CONSÉQUENCES POSSIBLES
Les questions critiques soulevées par ces arrêts peuvent être résumées en deux points :
1. Les normes harmonisées, si elles ne sont pas encore obligatoires, sont toujours reconnues comme le moyen nécessaire et le plus facile d’obtenir la déclaration de conformité.
2. Le contrôle de la Commission sur leur rédaction et leur publication au Journal européen leur confère une réelle valeur juridique.
La valeur juridique certifiée des normes aurait une première conséquence fondamentale : elles devraient être mises gratuitement à la disposition des fabricants et des organismes de contrôle, tels que le reste de l’organisme juridique européen.
La fusion des normes harmonisées avec la législation européenne pourrait conduire à des développements importants pour tous les opérateurs en matière de sécurité des machines, développements qui, dans certains cas, sont déjà en cours.
– Commission européenne : en conférant aux normes harmonisées le statut de loi, la Communauté européenne accroît ses responsabilités quant à leur contenu et, pour se protéger au niveau juridique, elle a déjà pris des mesures en engageant un certain nombre de consultants de la HAS, qui contrôlent depuis plusieurs années le contenu de la norme en cours d’approbation, afin d’exclure la possibilité d’éventuelles lacunes.
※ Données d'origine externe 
lemma pairing_jacobiator10_identity:
  "2 * (pairing (jacobiator10 m a b) c - pairing (jacobiator10 m a c) b
        + pairing (jacobiator10 m b c) a + 3 * pairing (Om (d m) a b) c)
   + (pairing (bracket10 m a) (l00 b c) - pairing (bracket10 m b) (l00 a c)
        + pairing (bracket10 m c) (l00 a b))
   = - pairing (Om (d m) a b) c"
proof -
  have commute: "rho x (rho y X) = rho y (rho x X) + rho (l00 x y) X" if "X = pairing m z" for x y z X
    using rho_commutator_pairing[of x y m z] that by (simp add: algebra_simps)
  have commute_ba: "rho b (rho a X) = rho a (rho b X) + rho (l00 b a) X"
    and commute_ca: "rho c (rho a X) = rho a (rho c X) + rho (l00 c a) X"
    and commute_cb: "rho c (rho b X) = rho b (rho c X) + rho (l00 c b) X" if "X = pairing m z" for z X
    using commute that by blast+
  have skew: "l00 b a = - l00 a b" "l00 c a = - l00 a c" "l00 c b = - l00 b c"
    "l00 c (l00 a b) = - l00 (l00 a b) c" "l00 (l00 b c) a = - l00 a (l00 b c)"
    "l00 (l00 a c) b = - l00 b (l00 a c)"
    by (rule l00_skew)+
  have neg: "rho (- u) X = - rho u X" "pairing m (- v) = - pairing m v"
    "l00 (- v) w = - l00 v w" "l00 w (- v) = - l00 w v" for u X v w
    by (simp_all add: linear_neg[OF rho_linear_left] linear_neg[OF pairing_linear_right]
        linear_neg[OF l00_linear_right] linear_neg[OF l00_linear_left])
  have jacobi_defect:
    "pairing m (l00 a (l00 b c)) = pairing m (d (Om a b c)) + pairing m (l00 (l00 a b) c)
       + pairing m (l00 b (l00 a c))"
    by (simp add: d_Om linear_diff[OF pairing_linear_right])
  have pairing_d_Om: "pairing m (d (Om a b c)) = - pairing (Om (d m) a b) c"
    by (simp add: pairing_d_sym[of m] pairing_Om_skew[of a b c] Om_swap12[of a "d m"]
        Om_swap23[of a b "d m"] Om_swap12[of b "d m"] linear_neg[OF pairing_linear_left])
  define h where "h = (of_real (1/2) :: 'f)"
  have half: "h * (2 * X) = X" for X
  proof -
    have "h + h = 1" unfolding h_def by (simp flip: of_real_add)
    moreover have "h * (2 * X) = (h + h) * X" by (simp add: algebra_simps mult_2)
    ultimately show ?thesis by simp
  qed
  have half4: "h * (4 * X) = 2 * X" for X
    using half[of "2 * X"] by (simp add: mult.assoc[symmetric])
  \<comment> \<open>Expand into second derivatives \<open>\<rho> u (\<rho> v \<langle>m, w\<rangle>)\<close>, put them in a normal order by
    \<open>commute_*\<close>, and trade the Jacobiator for \<open>\<partial>\<Omega>\<close>; what is left is an identity in \<open>h = 1/2\<close>.\<close>
  show ?thesis
    unfolding jacobiator10_def
    apply (simp add: linear_diff[OF pairing_linear_left] linear_add[OF pairing_linear_left]
        pairing_bracket10 linear_add[OF rho_linear] linear_diff[OF rho_linear] linear_scale[OF rho_linear])
    apply (simp add: commute_ba commute_ca commute_cb linear_add[OF rho_linear] linear_neg[OF rho_linear]
        skew neg jacobi_defect pairing_d_Om)
    apply (simp add: scaleR_conv_of_real h_def[symmetric])
    apply (simp add: algebra_simps half half4)
    done
qed

end

theorem mainTheorem5:
  fixes fm1 :: "'f::{comm_ring_1,real_algebra_1} \<Rightarrow> 'a::real_vector \<Rightarrow> 'a"
    and fm0 :: "'f \<Rightarrow> 'b::real_vector \<Rightarrow> 'b"
    and d :: "'a \<Rightarrow> 'b" and rho :: "'b \<Rightarrow> 'f \<Rightarrow> 'f"
    and S :: "'a \<times> 'b \<Rightarrow> 'a \<times> 'b \<Rightarrow> 'f"
    and l00 :: "'b \<Rightarrow> 'b \<Rightarrow> 'b" and lxm :: "'b \<Rightarrow> 'a \<Rightarrow> 'a" and lmx :: "'a \<Rightarrow> 'b \<Rightarrow> 'a"
    and Om :: "'b \<Rightarrow> 'b \<Rightarrow> 'b \<Rightarrow> 'a" and DD :: "'f \<Rightarrow> 'a"
    and m :: 'a and x1 x2 x3 x4 :: 'b
  assumes lwx: "LWX2 fm1 fm0 d rho S l00 lxm lmx Om DD"
  defines "br \<equiv> brE l00 lxm lmx" and "J \<equiv> JacE l00 lxm lmx"
  shows
    "inj1 (Om (snd (br (inj0 x1) (inj0 x2))) x3 x4) - inj1 (Om (snd (br (inj0 x1) (inj0 x3))) x2 x4)
     + inj1 (Om (snd (br (inj0 x1) (inj0 x4))) x2 x3) + inj1 (Om (snd (br (inj0 x2) (inj0 x3))) x1 x4)
     - inj1 (Om (snd (br (inj0 x2) (inj0 x4))) x1 x3) + inj1 (Om (snd (br (inj0 x3) (inj0 x4))) x1 x2)
     - br (inj1 (Om x1 x2 x3)) (inj0 x4) - br (inj1 (Om x1 x3 x4)) (inj0 x2)
     + br (inj1 (Om x1 x2 x4)) (inj0 x3) + br (inj1 (Om x2 x3 x4)) (inj0 x1)
     + inj1 (DD (S (inj1 (Om x1 x2 x3)) (inj0 x4))) = 0
   \<and> 2 * (S (J (inj1 m) (inj0 x2) (inj0 x3)) (inj0 x4) - S (J (inj1 m) (inj0 x2) (inj0 x4)) (inj0 x3)
          + S (J (inj1 m) (inj0 x3) (inj0 x4)) (inj0 x2) + 3 * S (inj1 (Om (d m) x2 x3)) (inj0 x4))
     + (S (br (inj1 m) (inj0 x2)) (br (inj0 x3) (inj0 x4)) - S (br (inj1 m) (inj0 x3)) (br (inj0 x2) (inj0 x4))
          + S (br (inj1 m) (inj0 x4)) (br (inj0 x2) (inj0 x3)))
     = - S (inj1 (Om (d m) x2 x3)) (inj0 x4)"
proof -
  interpret LWX2_algebroid fm1 fm0 d rho S l00 lxm lmx Om DD
    by (rule LWX2_algebroid.intro) (rule lwx)
  show ?thesis
    using Om_bracket_identity[of x1 x2 x3 x4] pairing_jacobiator10_identity[of m x2 x3 x4]
    unfolding br_def J_def brE_inj0_inj0 brE_inj1_inj0 JacE_inj1_inj0_inj0 pairing_def
    by (simp add: inj1_def inj0_def zero_prod_def)
qed

end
Cela entraîne un ralentissement de l’approbation de la nouvelle norme (l’impact est particulièrement visible dans les normes de type C), un ralentissement déjà en cours dans plusieurs secteurs tels que celui des matériaux de construction, où le règlement sur les produits de construction (CPR) impose l’utilisation de normes harmonisées depuis des années.
– Organismes de réglementation : pour les raisons que je viens d’évoquer, les organismes de réglementation verraient augmenter le temps nécessaire à l’approbation des normes qu’ils produisent ; les OEN modifient donc déjà leur stratégie, visant à retirer leurs normes EN ISO (il s’agit de normes de type C, chacune concernant un seul type de machine) des normes harmonisées. Les organismes de réglementation rédigeront et publieront leurs normes de type C sans les soumettre à la Commission pour les inclure dans les normes harmonisées.
– Fabricants de machines : dans le scénario actuel, les fabricants ne disposent pas d’une norme harmonisée pour la production de leurs produits. Ils seront donc responsables de la sécurité de leurs machines dans l’acte de certification, ne pouvant plus se prévaloir de la présomption de conformité donnée par le respect des normes harmonisées. La reconnaissance officielle des normes en tant que lois européennes ne serait donc pas nécessairement une évolution positive, en particulier pour les fabricants.
Ces développements judiciaires et d’autres obligent l’Union européenne à clarifier la valeur des normes harmonisées, sachant que toute modification du statu quo actuel entraînerait des changements majeurs pour tous les acteurs du monde de la sécurité des machines.